Skipper Future Earnings Per Share Growth

Skipper Future Earnings Per Share Growth

Risks

What could happen that would invalidate this narrative?
  • The heavy reliance on India’s government infrastructure projects, such as the Jal Jeevan Mission, could be a risk, as these projects have shown volatility and dependency on government allocations, potentially impacting revenue and cash flow.
  • The competitive landscape and pricing pressures in the Polymer segment could affect profitability, especially given the industry-wide challenges and the frequent CapEx by competitors, impacting net margins.
  • The financial leverage remains a concern, as interest costs have increased significantly alongside revenue growth and this trend, if continued, may impact net earnings and financial stability.
  • Execution on international orders, particularly from markets like the USA, is critical, and any delay or inability to ramp up execution capabilities could pose risks to projected export revenue growth.
  • There is vulnerability to macroeconomic or geopolitical factors, such as trade tensions with countries like China and Mexico, which could affect Skipper's order pipeline and execution timelines, thereby impacting revenue growth and order book prospects.

Valuation

How have all the factors above been brought together to estimate a fair value?
  • The analysts have a consensus price target of ₹642.5 for Skipper based on their expectations of its future earnings growth, profit margins and other risk factors.
  • In order for you to agree with the analyst's consensus, you'd need to believe that by 2028, revenues will be ₹72.8 billion, earnings will come to ₹3.7 billion, and it would be trading on a PE ratio of 27.3x, assuming you use a discount rate of 14.5%.
  • Given the current share price of ₹457.6, the analyst price target of ₹642.5 is 28.8% higher.
  • We always encourage you to reach your own conclusions though. So sense check these analyst numbers against your own assumptions and expectations based on your understanding of the business and what you believe is probable.

How well do narratives help inform your perspective?

Disclaimer

Warren A.I. is a tool utilizing a Large Language Model (LLM) that ingests data on consensus price targets, forecasted revenue and earnings figures, as well as the transcripts of earnings calls to produce qualitative analysis.
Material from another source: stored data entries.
(* For every knot diagram $D$ and every Dehn $p$-coloring $C$ of $D$, $\partial_2^{\rm SLB}(W(D,C))=0$ in $C_1^{\rm SLB}(\mathbb Z_p)$.
   Context: Let $p$ be an odd prime, $X=\mathbb Z_p$, $[a,b,c]=a-b+c$, $\rho((a,b))=(b,a)$, $(a,b)\,\underline{\star}\,(a,c)=(c,[a,b,c])$, $(a,b)\,\overline{\star}\,(a,c)=(c,[a,c,b])$. For $n\ge1$ let $C_n^{\rm lb}(X)$ be the free abelian group on tuples $((a,b_1),\dots,(a,b_n))$, $a,b_i\in X$ (zero for $n\le 0$), with $\partial_n^{\rm lb}$ for $n\ge 2$ given by $\sum_{i=1}^n(-1)^i\{((a,b_1),\dots,\widehat{(a,b_i)},\dots,(a,b_n))-((b_i,[a,b_1,b_i]),\dots,(b_i,[a,b_{i-1},b_i]),(b_i,[a,b_i,b_{i+1}]),\dots,(b_i,[a,b_i,b_n]))\}$ and $\partial_n^{\rm lb}=0$ for $n\le1$; in particular $\partial_2^{\rm lb}((a,b),(a,c))=-(a,c)+(a,b)+(b,[a,b,c])-(c,[a,b,c])$. Let $D_n^{\rm lb}(X)$ be generated by tuples with $b_i=b_{i+1}$ for some $i$, $D_n^{\rm lb}(X,\rho)$ generated by all $((a,b_1),\dots,(a,b_n))+((a,b_1)\underline\star(a,b_i),\dots,(a,b_{i-1})\underline\star(a,b_i),\rho((a,b_i)),(a,b_{i+1})\overline\star(a,b_i),\dots,(a,b_n)\overline\star(a,b_i))$; $C_n^{\rm SLB}(X)=C_n^{\rm lb}(X)/(D_n^{\rm lb}(X)+D_n^{\rm lb}(X,\rho))$ with induced boundary $\partial_n^{\rm SLB}$. Dehn $p$-colorings: for a knot diagram $D$ with region set $\mathcal R(D)$, at each crossing label the four regions $x_1,x_2,x_3,x_4$ so that $x_2$ is adjacent to $x_1$ across an under-arc, $x_3$ adjacent to $x_1$ across the over-arc, $x_4$ opposite $x_1$; a Dehn $p$-coloring is $C:\mathcal R(D)\to\mathbb Z_p$ with $C(x_1)+C(x_3)=C(x_2)+C(x_4)$ at every crossing. At each crossing $\chi$ choose a specified region $x_1$, put $a=C(x_1),b=C(x_2),c=C(x_3)$ and $w_\chi=\varepsilon((a,b),(a,c))\in C_2^{\rm SLB}(X)$, with $\varepsilon=+1$ if $(n_o,n_u)$ is a positively oriented basis of $\mathbb R^2$ and $-1$ otherwise ($n_u$ the normal vector from $x_1$ to $x_2$, $n_o$ from $x_1$ to $x_3$). $W(D,C)=\sum_\chi w_\chi\in C_2^{\rm SLB}(X)$; it is independent of the choices of specified regions. *)

theory Defs
  imports Main "HOL-Library.Function_Algebras" "HOL-Computational_Algebra.Primes"
begin

text \<open>Elements of X = Z_p are represented by integers in {0..<p}; the ternary
operation [a,b,c] = a - b + c is computed modulo p.  A generator of C_n^lb is a
list ((a,b_1),...,(a,b_n)) of pairs with common first entry.  Chains are
finitely supported integer-valued functions on such lists (free abelian group).\<close>

type_synonym lb_chain = "(int \<times> int) list \<Rightarrow> int"

definition tern :: "int \<Rightarrow> int \<Rightarrow> int \<Rightarrow> int \<Rightarrow> int" where
  "tern p a b c = (a - b + c) mod p"

definition lb_tuple :: "int \<Rightarrow> nat \<Rightarrow> (int \<times> int) list \<Rightarrow> bool" where
  "lb_tuple p n t \<longleftrightarrow> n \<ge> 1 \<and> length t = n \<and>
     (\<forall>x\<in>set t. fst x \<in> {0..<p} \<and> snd x \<in> {0..<p} \<and> fst x = fst (hd t))"

definition is_lb_chain :: "int \<Rightarrow> nat \<Rightarrow> lb_chain \<Rightarrow> bool" where
  "is_lb_chain p n c \<longleftrightarrow> finite {t. c t \<noteq> 0} \<and> (\<forall>t. c t \<noteq> 0 \<longrightarrow> lb_tuple p n t)"

definition gen :: "(int \<times> int) list \<Rightarrow> lb_chain" where
  "gen t = (\<lambda>s. if s = t then 1 else 0)"

definition ustar :: "int \<Rightarrow> int \<times> int \<Rightarrow> int \<times> int \<Rightarrow> int \<times> int" where
  "ustar p x y = (snd y, tern p (fst x) (snd x) (snd y))"

definition ostar :: "int \<Rightarrow> int \<times> int \<Rightarrow> int \<times> int \<Rightarrow> int \<times> int" where
  "ostar p x y = (snd y, tern p (fst x) (snd y) (snd x))"

definition rho :: "int \<times> int \<Rightarrow> int \<times> int" where
  "rho x = (snd x, fst x)"

text \<open>Deleting the i-th entry (0-based) and the "moved" tuple at position i (0-based):
((a,b_j) ustar (a,b_i))_{j<i}, ((a,b_j) ostar (a,b_i))_{j>i}.\<close>
definition del_at :: "nat \<Rightarrow> 'a list \<Rightarrow> 'a list" where
  "del_at i t = take i t @ drop (Suc i) t"

definition face_at :: "int \<Rightarrow> nat \<Rightarrow> (int \<times> int) list \<Rightarrow> (int \<times> int) list" where
  "face_at p i t = map (\<lambda>x. ustar p x (t ! i)) (take i t) @
                   map (\<lambda>x. ostar p x (t ! i)) (drop (Suc i) t)"

text \<open>Boundary of a generator; index i (1-based in the paper) is i+1 here.\<close>
definition bd_gen :: "int \<Rightarrow> (int \<times> int) list \<Rightarrow> lb_chain" where
  "bd_gen p t = (if length t \<le> 1 then 0 else
     (\<Sum>i<length t. (- 1) ^ (Suc i) * (gen (del_at i t) - gen (face_at p i t))))"

definition bd_lb :: "int \<Rightarrow> nat \<Rightarrow> lb_chain \<Rightarrow> lb_chain" where
  "bd_lb p n c = (if n \<le> 1 then 0 else (\<Sum>t\<in>{t. c t \<noteq> 0}. (\<lambda>_. c t) * bd_gen p t))"

definition D_gens :: "int \<Rightarrow> nat \<Rightarrow> lb_chain set" where
  "D_gens p n = {gen t | t. lb_tuple p n t \<and> (\<exists>i. Suc i < n \<and> snd (t ! i) = snd (t ! Suc i))}"

definition rho_move :: "int \<Rightarrow> nat \<Rightarrow> (int \<times> int) list \<Rightarrow> (int \<times> int) list" where
  "rho_move p i t = map (\<lambda>x. ustar p x (t ! i)) (take i t) @ [rho (t ! i)] @
                    map (\<lambda>x. ostar p x (t ! i)) (drop (Suc i) t)"

definition Drho_gens :: "int \<Rightarrow> nat \<Rightarrow> lb_chain set" where
  "Drho_gens p n = {gen t + gen (rho_move p i t) | t i. lb_tuple p n t \<and> i < n}"

inductive_set zspan :: "lb_chain set \<Rightarrow> lb_chain set" for S where
  zero: "0 \<in> zspan S"
| add: "x \<in> zspan S \<Longrightarrow> g \<in> S \<Longrightarrow> x + g \<in> zspan S"
| sub: "x \<in> zspan S \<Longrightarrow> g \<in> S \<Longrightarrow> x - g \<in> zspan S"

text \<open>The submodule D_n^lb(X) + D_n^lb(X,rho); C_n^SLB = C_n^lb / this.
A class [c] in C_n^SLB is zero iff c lies in this subgroup.\<close>
definition D_SLB :: "int \<Rightarrow> nat \<Rightarrow> lb_chain set" where
  "D_SLB p n = zspan (D_gens p n \<union> Drho_gens p n)"

text \<open>A diagram with crossing set V is encoded by a rotation system: each crossing c
has four half-edges (darts) (c,0),(c,1),(c,2),(c,3) in counterclockwise order,
where (c,0),(c,2) belong to the under-arc and (c,1),(c,3) to the over-arc.  The
fixed-point-free involution alpha pairs the two ends of each edge (semi-arc).
The corner (c,k) is the corner between darts (c,k) and (c,(k+1) mod 4).\<close>

definition darts :: "'v set \<Rightarrow> ('v \<times> nat) set" where
  "darts V = V \<times> {0..<4}"

definition rot :: "'v \<times> nat \<Rightarrow> 'v \<times> nat" where
  "rot d = (fst d, (snd d + 1) mod 4)"

definition face_perm :: "(('v \<times> nat) \<Rightarrow> ('v \<times> nat)) \<Rightarrow> 'v \<times> nat \<Rightarrow> 'v \<times> nat" where
  "face_perm \<alpha> d = \<alpha> (rot d)"

definition region_of :: "(('v \<times> nat) \<Rightarrow> ('v \<times> nat)) \<Rightarrow> 'v \<times> nat \<Rightarrow> ('v \<times> nat) set" where
  "region_of \<alpha> d = {(face_perm \<alpha> ^^ n) d | n. True}"

definition regions :: "'v set \<Rightarrow> (('v \<times> nat) \<Rightarrow> ('v \<times> nat)) \<Rightarrow> ('v \<times> nat) set set" where
  "regions V \<alpha> = region_of \<alpha> ` darts V"

text \<open>Strand relation: going straight through a crossing, or along an edge.\<close>
definition strand_rel :: "'v set \<Rightarrow> (('v \<times> nat) \<Rightarrow> ('v \<times> nat)) \<Rightarrow> (('v \<times> nat) \<times> ('v \<times> nat)) set" where
  "strand_rel V \<alpha> = {(d, \<alpha> d) | d. d \<in> darts V} \<union> {(d, rot (rot d)) | d. d \<in> darts V}"

text \<open>A knot diagram: finitely many crossings, well-formed edge pairing, and (if there
is at least one crossing) exactly one component and genus 0 (V - E + F = 2 with
E = 2V), i.e. the diagram lives on the sphere / plane.  The empty crossing set
represents the crossingless diagram (a circle).\<close>
definition knot_diagram :: "'v set \<Rightarrow> (('v \<times> nat) \<Rightarrow> ('v \<times> nat)) \<Rightarrow> bool" where
  "knot_diagram V \<alpha> \<longleftrightarrow> finite V \<and>
     (\<forall>d\<in>darts V. \<alpha> d \<in> darts V \<and> \<alpha> d \<noteq> d \<and> \<alpha> (\<alpha> d) = d) \<and>
     (V \<noteq> {} \<longrightarrow> (\<forall>d\<in>darts V. \<forall>d'\<in>darts V. (d, d') \<in> (strand_rel V \<alpha>)\<^sup>*) \<and>
                  card (regions V \<alpha>) = card V + 2)"

text \<open>Dehn p-coloring: C : regions -> Z_p with C(x1)+C(x3) = C(x2)+C(x4) at each crossing.
With x1 the corner (c,0), x2 = corner (c,3) (across the under-dart (c,0)),
x3 = corner (c,1) (across the over-dart (c,1)), x4 = corner (c,2).\<close>
definition corner_col :: "(('v \<times> nat) \<Rightarrow> ('v \<times> nat)) \<Rightarrow> (('v \<times> nat) set \<Rightarrow> int) \<Rightarrow> 'v \<Rightarrow> nat \<Rightarrow> int" where
  "corner_col \<alpha> C c k = C (region_of \<alpha> (c, k mod 4))"

definition dehn_coloring :: "int \<Rightarrow> 'v set \<Rightarrow> (('v \<times> nat) \<Rightarrow> ('v \<times> nat)) \<Rightarrow> (('v \<times> nat) set \<Rightarrow> int) \<Rightarrow> bool" where
  "dehn_coloring p V \<alpha> C \<longleftrightarrow> (\<forall>R\<in>regions V \<alpha>. C R \<in> {0..<p}) \<and>
     (\<forall>c\<in>V. (corner_col \<alpha> C c 0 + corner_col \<alpha> C c 1) mod p =
             (corner_col \<alpha> C c 3 + corner_col \<alpha> C c 2) mod p)"
(* Let $n\in\mathbb{N}$, $a<b$, and let $f:[a,b]\to\mathbb{R}$ be $2n$-convex. If $x_1,\dots,x_n\in(a,b)$ and $x_{n+1}=b$, then there exists a polynomial $p\in\Pi_{2n}$ such that $p(x_i)=f(x_i)$ for $i=1,\dots,n+1$ and $p(x)\ge f(x)$ for all $x\in[a,b]$.
   Context: $\Pi_m$ denotes the set of real polynomials of degree at most $m$. Divided differences are defined recursively by $[x_1;f]:=f(x_1)$ and $[x_1,\dots,x_{m+1};f]:=\frac{[x_2,\dots,x_{m+1};f]-[x_1,\dots,x_m;f]}{x_{m+1}-x_1}$ for pairwise distinct points. For $m\in\mathbb{N}$, a function $f$ on an interval $I$ is called $m$-convex if $[x_1,\dots,x_{m+2};f]\ge 0$ for all pairwise distinct $x_1,\dots,x_{m+2}\in I$. *)

theory Defs
  imports Complex_Main "HOL-Computational_Algebra.Polynomial"
begin

text \<open>The empty list is given the (irrelevant) value 0.\<close>
fun divdiff :: "real list \<Rightarrow> (real \<Rightarrow> real) \<Rightarrow> real" where
  "divdiff [] f = 0"
| "divdiff [x] f = f x"
| "divdiff (x # y # zs) f =
     (divdiff (y # zs) f - divdiff (butlast (x # y # zs)) f) / (last (y # zs) - x)"

definition m_convex :: "nat \<Rightarrow> real set \<Rightarrow> (real \<Rightarrow> real) \<Rightarrow> bool" where
  "m_convex m I f \<longleftrightarrow>
     (\<forall>xs. length xs = m + 2 \<and> distinct xs \<and> set xs \<subseteq> I \<longrightarrow> divdiff xs f \<ge> 0)"

end

theory Submission
  imports Defs "HOL-Analysis.Analysis"
begin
The narratives produced by Warren A.I. are general in nature and are based solely on analyst data and publicly-available material published by the respective companies. These scenarios are not indicative of the company's future performance and are exploratory in nature. Simply Wall St has no position in the company(s) mentioned. Simply Wall St may provide the securities issuer or related entities with website advertising services for a fee, on an arm's length basis. These relationships have no impact on the way we conduct our business, the content we host, or how our content is served to users. The price targets and estimates used are consensus data, and do not constitute a recommendation to buy or sell any stock, and they do not take account of your objectives, or your financial situation. Note that Warren A.I.'s analysis may not factor in the latest price-sensitive company announcements or qualitative material.